In the data below, one line contains "text \<open>Covariance C" and a later one contains "k = M_k.\<close>". Print both, with every line between them, exactly and alone.
----
(* Let $[x^{(1)}_k]$ and $[x^{(2)}_k]$ be two zero-mean nonsingular Gaussian Markov sequences over $[0,N]$ that share the same reciprocal model. Then they share the same Markov model if and only if $(R^0_N)^{(1)}=(R^0_N)^{(2)}$, where $(R^0_N)^{(i)}$ is the coefficient $R^0_N$ of the (first-type) reciprocal boundary condition of the $i$-th sequence; equivalently, if and only if $M^{(1)}_N=M^{(2)}_N$.
   Context: $[0,N]=(0,1,\ldots,N)$; $x=[x_0',\ldots,x_N']'$, $C=\mathrm{Cov}(x)$, $'$ denotes transpose; $A_k$ denotes the $(k,k)$ block and $B_k$ the $(k,k+1)$ block of $C^{-1}$. Markov model: a zero-mean nonsingular Gaussian Markov sequence obeys $x_k=M_{k,k-1}x_{k-1}+e^M_k$, $k\in[1,N]$, $x_0=e^M_0$, with $[e^M_k]$ zero-mean white Gaussian, $M_k=\mathrm{Cov}(e^M_k)$; two sequences share the same Markov model if $M_{k,k-1}$ and $M_k$, $k\in[1,N]$, coincide (equivalently their $C^{-1}$ have the same $A_1,\ldots,A_N,B_0,\ldots,B_{N-1}$). Reciprocal model with first-type boundary condition: $R^0_kx_k-R^-_kx_{k-1}-R^+_kx_{k+1}=e^R_k$ for $k\in[1,N-1]$, together with $R^0_0x_0-R^-_0x_N-R^+_0x_1=e^R_0$ and $R^0_Nx_N-R^-_Nx_{N-1}-R^+_Nx_0=e^R_N$, whose coefficients are given by $C^{-1}$: $R^0_k=A_k$ for $k\in[0,N]$, $R^+_k=(R^-_{k+1})'=-B_k$ for $k\in[0,N-1]$, $R^-_0=(R^+_N)'=-D_0$ where $D_0$ is the $(0,N)$ block. Two sequences share the same reciprocal model if $R^0_k,R^-_k,R^+_k$ for $k\in[1,N-1]$ coincide (equivalently same $A_1,\ldots,A_{N-1},B_0,\ldots,B_{N-1}$). *)

theory Defs
  imports "HOL-Analysis.Analysis"
begin

text \<open>A zero-mean sequence x_0,...,x_N with x_k in R^d (d = CARD('d)) is represented
  by its second-order structure. Block matrices are functions nat => nat => real^'d^'d,
  block (j,k) being the (j,k) block; only indices j,k in [0,N] are meaningful.\<close>

definition blk_inv_of :: "nat \<Rightarrow> (nat \<Rightarrow> nat \<Rightarrow> real^'d^'d) \<Rightarrow> (nat \<Rightarrow> nat \<Rightarrow> real^'d^'d) \<Rightarrow> bool" where
  "blk_inv_of N C P \<longleftrightarrow>
     (\<forall>i\<le>N. \<forall>k\<le>N. (\<Sum>j\<le>N. C i j ** P j k) = (if i = k then mat 1 else 0)) \<and>
     (\<forall>i\<le>N. \<forall>k\<le>N. (\<Sum>j\<le>N. P i j ** C j k) = (if i = k then mat 1 else 0))"

text \<open>The inverse C^{-1} of the (N+1)d x (N+1)d block matrix C (meaningful when C is nonsingular).\<close>
definition blk_inv :: "nat \<Rightarrow> (nat \<Rightarrow> nat \<Rightarrow> real^'d^'d) \<Rightarrow> (nat \<Rightarrow> nat \<Rightarrow> real^'d^'d)" where
  "blk_inv N C = (SOME P. blk_inv_of N C P)"

definition nonsingular_blk :: "nat \<Rightarrow> (nat \<Rightarrow> nat \<Rightarrow> real^'d^'d) \<Rightarrow> bool" where
  "nonsingular_blk N C \<longleftrightarrow> (\<exists>P. blk_inv_of N C P)"

definition cov_matrix :: "real^'d^'d \<Rightarrow> bool" where
  "cov_matrix S \<longleftrightarrow> transpose S = S \<and> (\<forall>v. 0 \<le> v \<bullet> (S *v v))"

text \<open>State transition products: trans_prod Mt k j = M_{k,k-1} ... M_{j+1,j} for j < k,
  identity for k \<le> j.\<close>
fun trans_prod :: "(nat \<Rightarrow> real^'d^'d) \<Rightarrow> nat \<Rightarrow> nat \<Rightarrow> real^'d^'d" where
  "trans_prod Mt 0 j = mat 1"
| "trans_prod Mt (Suc k) j = (if Suc k \<le> j then mat 1 else Mt (Suc k) ** trans_prod Mt k j)"

text \<open>Covariance C of the sequence generated by the Markov model
  x_k = M_{k,k-1} x_{k-1} + e_k (k \<ge> 1), x_0 = e_0, with white noise Cov(e_k) = M_k:
  Cov(x_i, x_k) = sum_{j \<le> min i k} Phi(i,j) M_j Phi(k,j)'.
  Mt k = M_{k,k-1}, Mc k = M_k.\<close>
definition markov_cov :: "(nat \<Rightarrow> real^'d^'d) \<Rightarrow> (nat \<Rightarrow> real^'d^'d) \<Rightarrow> nat \<Rightarrow> nat \<Rightarrow> real^'d^'d" where
  "markov_cov Mt Mc i k = (\<Sum>j\<le>min i k. trans_prod Mt i j ** Mc j ** transpose (trans_prod Mt k j))"

definition blkA :: "nat \<Rightarrow> (nat \<Rightarrow> nat \<Rightarrow> real^'d^'d) \<Rightarrow> nat \<Rightarrow> real^'d^'d" where
  "blkA N C k = blk_inv N C k k"
definition blkB :: "nat \<Rightarrow> (nat \<Rightarrow> nat \<Rightarrow> real^'d^'d) \<Rightarrow> nat \<Rightarrow> real^'d^'d" where
  "blkB N C k = blk_inv N C k (Suc k)"
definition blkD0 :: "nat \<Rightarrow> (nat \<Rightarrow> nat \<Rightarrow> real^'d^'d) \<Rightarrow> real^'d^'d" where
  "blkD0 N C = blk_inv N C 0 N"

text \<open>Coefficients of the reciprocal model with first-type boundary condition.\<close>
definition R0 :: "nat \<Rightarrow> (nat \<Rightarrow> nat \<Rightarrow> real^'d^'d) \<Rightarrow> nat \<Rightarrow> real^'d^'d" where
  "R0 N C k = blkA N C k"
definition Rplus :: "nat \<Rightarrow> (nat \<Rightarrow> nat \<Rightarrow> real^'d^'d) \<Rightarrow> nat \<Rightarrow> real^'d^'d" where
  "Rplus N C k = (if k = N then transpose (- blkD0 N C) else - blkB N C k)"
definition Rminus :: "nat \<Rightarrow> (nat \<Rightarrow> nat \<Rightarrow> real^'d^'d) \<Rightarrow> nat \<Rightarrow> real^'d^'d" where
  "Rminus N C k = (if k = 0 then - blkD0 N C else transpose (Rplus N C (k - 1)))"

definition same_reciprocal_model :: "nat \<Rightarrow> (nat \<Rightarrow> nat \<Rightarrow> real^'d^'d) \<Rightarrow> (nat \<Rightarrow> nat \<Rightarrow> real^'d^'d) \<Rightarrow> bool" where
  "same_reciprocal_model N C1 C2 \<longleftrightarrow>
     (\<forall>k\<in>{1..N-1}. R0 N C1 k = R0 N C2 k \<and> Rminus N C1 k = Rminus N C2 k \<and> Rplus N C1 k = Rplus N C2 k)"

definition same_markov_model :: "nat \<Rightarrow> (nat \<Rightarrow> real^'d^'d) \<Rightarrow> (nat \<Rightarrow> real^'d^'d) \<Rightarrow> (nat \<Rightarrow> real^'d^'d) \<Rightarrow> (nat \<Rightarrow> real^'d^'d) \<Rightarrow> bool" where
  "same_markov_model N Mt1 Mc1 Mt2 Mc2 \<longleftrightarrow> (\<forall>k\<in>{1..N}. Mt1 k = Mt2 k \<and> Mc1 k = Mc2 k)"

end

theory Submission
  imports Defs
begin

text \<open>Writing L for the block lower-triangular matrix of transition products
  (so that x = L e), the covariance factors as C = L D L' with D = diag(M_0, ..., M_N).
  The inverse K = L^{-1} is block bidiagonal (e_k = x_k - M_{k,k-1} x_{k-1}), hence
  C^{-1} = K' D^{-1} K, which gives
  A_N = M_N^{-1}, B_k = -M_{k+1,k}' M_{k+1}^{-1} and
  A_k = M_k^{-1} + M_{k+1,k}' M_{k+1}^{-1} M_{k+1,k}.
  The reciprocal model fixes A_1, ..., A_{N-1} and B_0, ..., B_{N-1}, and A_N = M_N^{-1}.
  Once M_N is known, B_{N-1} determines M_{N,N-1}, then A_{N-1} determines M_{N-1},
  and so on down to k = 1.\<close>

lemma matrix_mul_sum_right: "sum f S ** (B::'a::comm_ring_1^'n^'m) = (\<Sum>j\<in>S. f j ** B)"
  by (induction S rule: infinite_finite_induct)
     (auto simp: vec_eq_iff matrix_matrix_mult_def sum.distrib distrib_right)

lemma matrix_mul_sum_left: "(A::'a::comm_ring_1^'n^'m) ** sum f S = (\<Sum>j\<in>S. A ** f j)"
  by (induction S rule: infinite_finite_induct)
     (auto simp: vec_eq_iff matrix_matrix_mult_def sum.distrib distrib_left)

lemma matrix_mul_uminus_left: "(- A) ** (B::'a::comm_ring_1^'n^'m) = - (A ** B)"
  by (auto simp: vec_eq_iff matrix_matrix_mult_def sum_negf)

lemma matrix_mul_uminus_right: "(A::'a::comm_ring_1^'n^'m) ** (- B) = - (A ** B)"
  by (auto simp: vec_eq_iff matrix_matrix_mult_def sum_negf)

lemma transpose_uminus: "transpose (- A) = - transpose (A::'a::comm_ring_1^'n^'m)"
  by (auto simp: vec_eq_iff transpose_def)

lemma transpose_zero [simp]: "transpose (0::'a::comm_ring_1^'n^'m) = 0"
  by (auto simp: vec_eq_iff transpose_def)

lemma transpose_sum: "transpose (sum f S) = (\<Sum>j\<in>S. transpose (f j :: 'a::comm_ring_1^'n^'m))"
  by (induction S rule: infinite_finite_induct) (auto simp: vec_eq_iff transpose_def)

lemma matrix_inv_right:
  fixes A :: "'a::field^'n^'n"
  assumes "invertible A"
  shows "A ** matrix_inv A = mat 1"
  using someI_ex[OF assms[unfolded invertible_def]] by (simp add: matrix_inv_def)

lemma matrix_inv_left:
  fixes A :: "'a::field^'n^'n"
  assumes "invertible A"
  shows "matrix_inv A ** A = mat 1"
  by (rule matrix_left_right_inverse1[OF matrix_inv_right[OF assms]])

lemma invertible_matrix_inv:
  fixes A :: "'a::field^'n^'n"
  assumes "invertible A"
  shows "invertible (matrix_inv A)"
  unfolding invertible_def using matrix_inv_left[OF assms] matrix_inv_right[OF assms] by blast

lemma matrix_mul_right_cancel:
  fixes M :: "'a::field^'n^'n"
  assumes "invertible M" and "X ** M = Y ** M"
  shows "X = Y"
proof -
  have "X = X ** M ** matrix_inv M" and "Y = Y ** M ** matrix_inv M"
    by (simp_all add: matrix_mul_assoc[symmetric] matrix_inv_right[OF assms(1)])
  then show ?thesis
    using assms(2) by simp
qed

lemma matrix_inv_inj:
  fixes A B :: "'a::field^'n^'n"
  assumes "invertible A" "invertible B" and "matrix_inv A = matrix_inv B"
  shows "A = B"
proof (rule matrix_mul_right_cancel[OF invertible_matrix_inv[OF assms(1)]])
  show "A ** matrix_inv A = B ** matrix_inv A"
    using matrix_inv_right[OF assms(1)] matrix_inv_right[OF assms(2)] assms(3) by simp
qed

type_synonym 'd blkmat = "nat \<Rightarrow> nat \<Rightarrow> real^'d^'d"

definition blk_mult :: "nat \<Rightarrow> ('d::finite) blkmat \<Rightarrow> 'd blkmat \<Rightarrow> 'd blkmat" where
  "blk_mult N X Y i k = (\<Sum>j\<le>N. X i j ** Y j k)"

definition blk_transpose :: "('d::finite) blkmat \<Rightarrow> 'd blkmat" where
  "blk_transpose X i k = transpose (X k i)"

definition blk_id :: "('d::finite) blkmat" where
  "blk_id i k = (if i = k then mat 1 else 0)"

definition blk_diag :: "(nat \<Rightarrow> real^('d::finite)^'d) \<Rightarrow> 'd blkmat" where
  "blk_diag F i k = (if i = k then F i else 0)"

text \<open>Block matrices of size N+1 only have meaningful entries on [0,N]^2, so they are
  compared there.\<close>
definition blk_eq :: "nat \<Rightarrow> ('d::finite) blkmat \<Rightarrow> 'd blkmat \<Rightarrow> bool" where
  "blk_eq N X Y \<longleftrightarrow> (\<forall>i\<le>N. \<forall>k\<le>N. X i k = Y i k)"

lemma blk_eq_refl [simp]: "blk_eq N X X"
  by (simp add: blk_eq_def)

lemma blk_eq_sym: "blk_eq N X Y \<Longrightarrow> blk_eq N Y X"
  by (simp add: blk_eq_def)

lemma blk_eq_trans [trans]: "blk_eq N X Y \<Longrightarrow> blk_eq N Y Z \<Longrightarrow> blk_eq N X Z"
  by (simp add: blk_eq_def)

lemma blk_eq_transpose: "blk_eq N X Y \<Longrightarrow> blk_eq N (blk_transpose X) (blk_transpose Y)"
  by (simp add: blk_eq_def blk_transpose_def)

lemma blk_mult_cong:
  "blk_eq N X X' \<Longrightarrow> blk_eq N Y Y' \<Longrightarrow> blk_eq N (blk_mult N X Y) (blk_mult N X' Y')"
  by (simp add: blk_eq_def blk_mult_def)

lemma blk_mult_assoc: "blk_mult N (blk_mult N X Y) Z = blk_mult N X (blk_mult N Y Z)"
proof (intro ext)
  fix i k
  have "blk_mult N (blk_mult N X Y) Z i k = (\<Sum>j\<le>N. \<Sum>a\<le>N. X i a ** Y a j ** Z j k)"
    by (simp add: blk_mult_def matrix_mul_sum_right)
  also have "\<dots> = (\<Sum>a\<le>N. \<Sum>j\<le>N. X i a ** Y a j ** Z j k)"
    by (rule sum.swap)
  also have "\<dots> = blk_mult N X (blk_mult N Y Z) i k"
    by (simp add: blk_mult_def matrix_mul_sum_left matrix_mul_assoc)
  finally show "blk_mult N (blk_mult N X Y) Z i k = blk_mult N X (blk_mult N Y Z) i k" .
qed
----
ANSWER AREA =
text \<open>Covariance C of the sequence generated by the Markov model
  x_k = M_{k,k-1} x_{k-1} + e_k (k \<ge> 1), x_0 = e_0, with white noise Cov(e_k) = M_k:
  Cov(x_i, x_k) = sum_{j \<le> min i k} Phi(i,j) M_j Phi(k,j)'.
  Mt k = M_{k,k-1}, Mc k = M_k.\<close>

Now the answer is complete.